• [Exercise prompt]
Of the entries that follow, how many lines hold the string "noteq"? Write the number and nothing more.

[Items from a data source]
-=-=-=-=-

definition migrate :: "(nat \<Rightarrow> nat \<Rightarrow> real \<Rightarrow> real) \<Rightarrow> real \<Rightarrow> state \<Rightarrow> state" where
  "migrate F \<delta> s = s\<lparr>mass := (\<lambda>w. if w \<in> verts s
        then mass s w + (\<Sum>u\<in>nbrs s w. flow F \<delta> s w u) else mass s w)\<rparr>"

definition mass_moves :: "(nat \<Rightarrow> nat \<Rightarrow> real \<Rightarrow> real) \<Rightarrow> real \<Rightarrow> state \<Rightarrow> bool" where
  "mass_moves F \<delta> s \<longleftrightarrow> (\<exists>(u, v)\<in>edges s. flow F \<delta> s u v \<noteq> 0)"

text \<open>A birth event: new type w, each existing type u gives Z_u x_u with Z_u in the
  support [beta_min, beta_max] of D; w is joined to a set N of existing types so that
  the graph stays connected.\<close>

definition birth_step :: "real \<Rightarrow> real \<Rightarrow> state \<Rightarrow> state \<Rightarrow> bool" where
  "birth_step bmin bmax s s' \<longleftrightarrow>
     (\<exists>w Z N. w \<notin> verts s \<and> (\<forall>u\<in>verts s. Z u \<in> {bmin..bmax}) \<and> N \<subseteq> verts s
       \<and> verts s' = insert w (verts s)
       \<and> edges s' = edges s \<union> {(w, u) | u. u \<in> N} \<union> {(u, w) | u. u \<in> N}
       \<and> mass s' = (\<lambda>u. if u = w then (\<Sum>v\<in>verts s. Z v * mass s v)
                        else if u \<in> verts s then mass s u - Z u * mass s u
                        else mass s u)
       \<and> graph_ok s')"

definition birth_phase :: "real \<Rightarrow> real \<Rightarrow> real \<Rightarrow> state \<Rightarrow> state \<Rightarrow> bool" where
  "birth_phase p bmin bmax s s' \<longleftrightarrow>
     (p < 1 \<and> s' = s) \<or> (0 < p \<and> birth_step bmin bmax s s')"

definition death_step :: "real \<Rightarrow> state \<Rightarrow> state \<Rightarrow> bool" where
  "death_step \<epsilon> s s' \<longleftrightarrow>
     (\<exists>v\<in>verts s. mass s v \<le> \<epsilon>
       \<and> verts s' = verts s - {v}
       \<and> (\<exists>A. A \<subseteq> {(a, b). a \<in> nbrs s v \<and> b \<in> nbrs s v \<and> a \<noteq> b}
              \<and> edges s' = {(a, b) \<in> edges s. a \<noteq> v \<and> b \<noteq> v} \<union> A)
       \<and> mass s' = (\<lambda>u. if u \<in> nbrs s v then mass s u + mass s v / real (card (nbrs s v))
                        else mass s u)
       \<and> graph_ok s')"

inductive death_phase :: "real \<Rightarrow> state \<Rightarrow> state \<Rightarrow> bool" for \<epsilon> :: real where
  finished: "(\<forall>v\<in>verts s. \<epsilon> < mass s v) \<Longrightarrow> death_phase \<epsilon> s s"
| step: "death_step \<epsilon> s s1 \<Longrightarrow> death_phase \<epsilon> s1 s2 \<Longrightarrow> death_phase \<epsilon> s s2"

definition valid_initial :: "real \<Rightarrow> state \<Rightarrow> bool" where
  "valid_initial \<epsilon> s \<longleftrightarrow> graph_ok s \<and> verts s \<noteq> {}
     \<and> (\<forall>v\<in>verts s. 0 \<le> mass s v) \<and> (\<Sum>v\<in>verts s. mass s v) = 1
     \<and> (\<forall>v\<in>verts s. \<epsilon> < mass s v)"

text \<open>X t is the configuration at the beginning of step t (t = 0, 1, 2, ...).\<close>

definition run :: "(nat \<Rightarrow> nat \<Rightarrow> real \<Rightarrow> real) \<Rightarrow> real \<Rightarrow> real \<Rightarrow> real \<Rightarrow> real \<Rightarrow> real
                   \<Rightarrow> (nat \<Rightarrow> state) \<Rightarrow> bool" where
  "run F \<epsilon> \<delta> p bmin bmax X \<longleftrightarrow> valid_initial \<epsilon> (X 0) \<and>
     (\<forall>t. \<exists>b. birth_phase p bmin bmax (migrate F \<delta> (X t)) b \<and> death_phase \<epsilon> b (X (Suc t)))"

definition stable :: "(nat \<Rightarrow> nat \<Rightarrow> real \<Rightarrow> real) \<Rightarrow> real \<Rightarrow> (nat \<Rightarrow> state) \<Rightarrow> nat \<Rightarrow> nat \<Rightarrow> bool" where
  "stable F \<delta> X T d \<longleftrightarrow> (\<forall>t. T \<le> t \<and> t \<le> T + d \<longrightarrow> \<not> mass_moves F \<delta> (X t))"

definition Phi :: "state \<Rightarrow> real" where
  "Phi s = (\<Sum>v\<in>verts s. (mass s v)\<^sup>2)"

definition alpha_min :: "(nat \<Rightarrow> nat \<Rightarrow> real \<Rightarrow> real) \<Rightarrow> real" where
  "alpha_min F' = Inf {F' u v x | u v x. u \<noteq> v \<and> x \<in> {-1..1}}"

end

theory Submission
  imports Defs "HOL-Analysis.Analysis"
begin

text \<open>Write \<open>g(u,v)\<close> for the mass moved from \<open>v\<close> to \<open>u\<close>. Since \<open>(a + b)\<^sup>2 \<ge> a\<^sup>2 + 2ab\<close>,
  migration raises \<open>\<Phi>\<close> by at least \<open>2 \<Sum>\<^sub>u x\<^sub>u \<Sum>\<^sub>v g(u,v)\<close>, and antisymmetry of \<open>g\<close> turns this
  into \<open>\<Sum> (x\<^sub>u - x\<^sub>v) g(u,v)\<close> over the directed edges. With \<open>d = x\<^sub>u - x\<^sub>v\<close> each summand is
  \<open>x\<^sub>u x\<^sub>v d F(d) \<ge> \<alpha>\<^sub>m\<^sub>i\<^sub>n x\<^sub>u x\<^sub>v d\<^sup>2 \<ge> 0\<close> by the mean value theorem and \<open>F(0) = 0\<close>. On an edge where
  mass moves, \<open>|d| > \<delta>\<close>, so the heavier endpoint has mass above \<open>\<delta>\<close> and the lighter one
  above \<open>\<epsilon>\<close>; both orientations of that edge then contribute \<open>\<alpha>\<^sub>m\<^sub>i\<^sub>n \<epsilon> \<delta>\<^sup>3\<close> each. The masses
  are in \<open>(\<epsilon>, 1]\<close> at the start of every step because migration and birth conserve the
  total mass and the death phase ends only when all masses exceed \<open>\<epsilon>\<close>.\<close>

section \<open>Sums over symmetric relations\<close>

lemma sum_swap_sym:
  assumes "sym E"
  shows "(\<Sum>p\<in>E. f p) = (\<Sum>p\<in>E. f (snd p, fst p))"
  by (rule sum.reindex_bij_witness[of _ prod.swap prod.swap])
     (use assms in \<open>auto simp: sym_def\<close>)

lemma sum_weighted_antisym:
  fixes g :: "'a \<times> 'a \<Rightarrow> real"
  assumes "sym E" and antisym: "\<And>a b. (a, b) \<in> E \<Longrightarrow> g (b, a) = - g (a, b)"
  shows "2 * (\<Sum>p\<in>E. x (fst p) * g p) = (\<Sum>p\<in>E. (x (fst p) - x (snd p)) * g p)"
proof -
  have "(\<Sum>p\<in>E. x (fst p) * g p) = (\<Sum>p\<in>E. x (snd p) * g (snd p, fst p))"
    using sum_swap_sym[OF assms(1), of "\<lambda>p. x (fst p) * g p"] by simp
  also have "\<dots> = (\<Sum>p\<in>E. - (x (snd p) * g p))"
    by (rule sum.cong) (auto simp: antisym)
  finally show ?thesis
    by (simp add: left_diff_distrib sum_subtractf sum_negf)
qed

abbreviation total_mass :: "state \<Rightarrow> real" where
  "total_mass s \<equiv> \<Sum>v\<in>verts s. mass s v"

lemma graph_ok_migrate [simp]: "graph_ok (migrate F \<delta> s) \<longleftrightarrow> graph_ok s"
  by (simp add: graph_ok_def migrate_def)
lemma groups_base_prob_tendsto:
  assumes "\<alpha> = 1" "x > 0"
  shows "(\<lambda>n. groups n * (x * base_prob n)) \<longlonglongrightarrow> \<beta> * x"
proof (rule tendsto_sandwich[of "\<lambda>n. \<beta> * x - x * base_prob n" _ _ "\<lambda>_. \<beta> * x"])
  show "eventually (\<lambda>n. \<beta> * x - x * base_prob n \<le> groups n * (x * base_prob n)) sequentially"
    using eventually_gt_at_top[of 0] by eventually_elim (use groups_base_prob_ge[OF assms(2)] assms in auto)
  show "eventually (\<lambda>n. groups n * (x * base_prob n) \<le> \<beta> * x) sequentially"
    using eventually_gt_at_top[of 0] by eventually_elim (use groups_base_prob_le[OF assms(2)] assms in auto)
  show "(\<lambda>n. \<beta> * x - x * base_prob n) \<longlonglongrightarrow> \<beta> * x"
    using tendsto_diff[OF tendsto_const base_prob_tendsto_0, of "\<beta> * x" x] by simp
qed simp

lemma groups_base_prob_at_top:
  assumes "\<alpha> > 1" "x > 0"
  shows "filterlim (\<lambda>n. (groups n - 1) * (x * base_prob n)) at_top sequentially"
proof -
  have "filterlim (\<lambda>n. real n powr ((\<alpha> - 1) / 2)) at_top sequentially"
    by (rule filterlim_compose[OF real_powr_at_top filterlim_real_sequentially]) (use assms in simp)
  then have "filterlim (\<lambda>n. \<beta> * x * real n powr ((\<alpha> - 1) / 2)) at_top sequentially"
    by (intro filterlim_tendsto_pos_mult_at_top[OF tendsto_const]) (use params assms in simp_all)
  moreover have "(\<lambda>n. - 2 * (x * base_prob n)) \<longlonglongrightarrow> 0"
    using tendsto_mult[OF tendsto_const base_prob_tendsto_0, of "-2" x] by simp
  ultimately have "filterlim (\<lambda>n. - 2 * (x * base_prob n) + \<beta> * x * real n powr ((\<alpha> - 1) / 2))
      at_top sequentially"
    by (intro filterlim_tendsto_add_at_top)
  then show ?thesis
  proof (rule filterlim_at_top_mono)
    show "eventually (\<lambda>n. - 2 * (x * base_prob n) + \<beta> * x * real n powr ((\<alpha> - 1) / 2)
        \<le> (groups n - 1) * (x * base_prob n)) sequentially"
      using eventually_gt_at_top[of 0]
      by eventually_elim (use groups_base_prob_ge[OF assms(2)] in \<open>force simp: algebra_simps\<close>)
  qed
qed

definition "prob l n = \<gamma> * w l * base_prob n"
definition "clust n = cond_clust n (num_groups \<alpha> \<beta> n) (\<lambda>l. edge_prob \<alpha> \<gamma> n (w l)) i j k"
definition "triple_mean n = groups n * prob i n * prob j n * prob k n"
definition "separation n = (1 - prob i n) * (1 - prob j n)
   * (1 - groups n * (prob i n * prob j n + prob i n * prob k n + prob j n * prob k n))"
definition "clust_lower n = (1 - triple_mean n) / (1 + groups n * prob k n)"
definition "clust_upper n = (1 + (groups n)\<^sup>2 * prob i n * prob j n * prob k n)
   / (1 - triple_mean n + separation n * ((groups n - 1) * prob k n))"

lemma prob_pos: "l \<in> {i, j, k} \<Longrightarrow> n > 0 \<Longrightarrow> prob l n > 0"
  using weights params by (auto simp: prob_def base_prob_def)

lemma prob_nonneg: "l \<in> {i, j, k} \<Longrightarrow> 0 \<le> prob l n"
  using weights params by (auto simp: prob_def base_prob_def)

lemma prob_tendsto_0: "prob l \<longlonglongrightarrow> 0"
  unfolding prob_def by (rule base_prob_tendsto_0)

lemma groups_prob_prob_tendsto_0:
  "w l > 0 \<Longrightarrow> w l' > 0 \<Longrightarrow> (\<lambda>n. groups n * prob l n * prob l' n) \<longlonglongrightarrow> 0"
  unfolding prob_def by (rule groups_base_prob_sq_tendsto_0) (use params in simp_all)

lemma triple_mean_tendsto_0: "triple_mean \<longlonglongrightarrow> 0"
  unfolding triple_mean_def
  using tendsto_mult[OF groups_prob_prob_tendsto_0[OF weights(1,2)] prob_tendsto_0[of k]] by simp

lemma separation_tendsto_1: "separation \<longlonglongrightarrow> 1"
proof -
  have "(\<lambda>n. groups n * (prob i n * prob j n + prob i n * prob k n + prob j n * prob k n)) \<longlonglongrightarrow> 0 + 0 + 0"
    using tendsto_add[OF tendsto_add[OF groups_prob_prob_tendsto_0[OF weights(1,2)]
        groups_prob_prob_tendsto_0[OF weights(1,3)]] groups_prob_prob_tendsto_0[OF weights(2,3)]]
    by (simp add: algebra_simps)
  from tendsto_mult[OF tendsto_mult[OF tendsto_diff[OF tendsto_const prob_tendsto_0]
      tendsto_diff[OF tendsto_const prob_tendsto_0]] tendsto_diff[OF tendsto_const this], of 1 i 1 j 1]
  show ?thesis unfolding separation_def by simp
qed
(* Let $\sigma$ be a 2-structure and $X\subsetneq V(\sigma)$ with $\sigma[X]$ prime; write $\overline{X}=V(\sigma)\setminus X$. Suppose Statement (S1) holds, i.e. there is no $v\in\overline{X}$ with $\sigma[X\cup\{v\}]$ prime. Let $M\subseteq\overline{X}$. If $M$ is a module of $\sigma$, then $M$ is a module of the outside graph $\Gamma_{(\sigma,\overline{X})}$, and there exist $B_p\in p_{(\sigma,\overline{X})}$ and $B_q\in q_{(\sigma,\overline{X})}$ such that $M\subseteq B_q\subseteq B_p$ and $M$ is a module of $\sigma[B_p]$.
   Context: A 2-structure $\sigma$ consists of a vertex set $V(\sigma)$ and an equivalence relation $\equiv_\sigma$ on ordered pairs of distinct vertices; $E(\sigma)$ is its set of classes; $\sigma[W]$ is the induced 2-structure on $W$. A module is a set $M$ such that for all $x,y\in M$ and $v\notin M$, $(x,v)\equiv_\sigma(y,v)$ and $(v,x)\equiv_\sigma(v,y)$; $\sigma$ is prime if $|V(\sigma)|\geq3$ and its only modules are $\emptyset$, $V(\sigma)$ and singletons. A graph is viewed as a 2-structure where $(u,v)\equiv(x,y)$ iff both pairs are edges or both non-edges (so a module of a graph is a vertex set $M$ such that each outside vertex is adjacent to all or none of $M$). Given $\sigma[X]$ prime: ${\rm Ext}_\sigma(X)=\{v\in\overline{X}:\sigma[X\cup\{v\}]\text{ prime}\}$; $\langle X\rangle_\sigma=\{v\in\overline{X}: X\text{ is a module of }\sigma[X\cup\{v\}]\}$; for $\alpha\in X$, $X_\sigma(\alpha)=\{v\in\overline{X}:\{\alpha,v\}\text{ is a module of }\sigma[X\cup\{v\}]\}$. $p_{(\sigma,\overline{X})}$ is the partition of $\overline{X}$ formed by the nonempty sets among ${\rm Ext}_\sigma(X)$, $\langle X\rangle_\sigma$, $X_\sigma(\alpha)$ ($\alpha\in X$). For $e,f\in E(\sigma)$: $\langle X\rangle^{(e,f)}_\sigma=\{v\in\langle X\rangle_\sigma:(v,\alpha)\in e,(\alpha,v)\in f\}$ for any $\alpha\in X$; $X^{(e,f)}_\sigma(\alpha)=\{v\in X_\sigma(\alpha):(v,\alpha)\in e,(\alpha,v)\in f\}$. $q_{(\sigma,\overline{X})}$ is the partition of $\overline{X}$ formed by the nonempty sets among ${\rm Ext}_\sigma(X)$, $\langle X\rangle^{(e,f)}_\sigma$, $X^{(e,f)}_\sigma(\alpha)$ ($e,f\in E(\sigma)$, $\alpha\in X$). The outside graph $\Gamma_{(\sigma,\overline{X})}$ has vertex set $\overline{X}$ and edges the 2-element sets $Y\subseteq\overline{X}$ with $\sigma[X\cup Y]$ prime. *)

theory Defs
  imports Main
begin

-=-=-=-=-

• [Exercise response]
5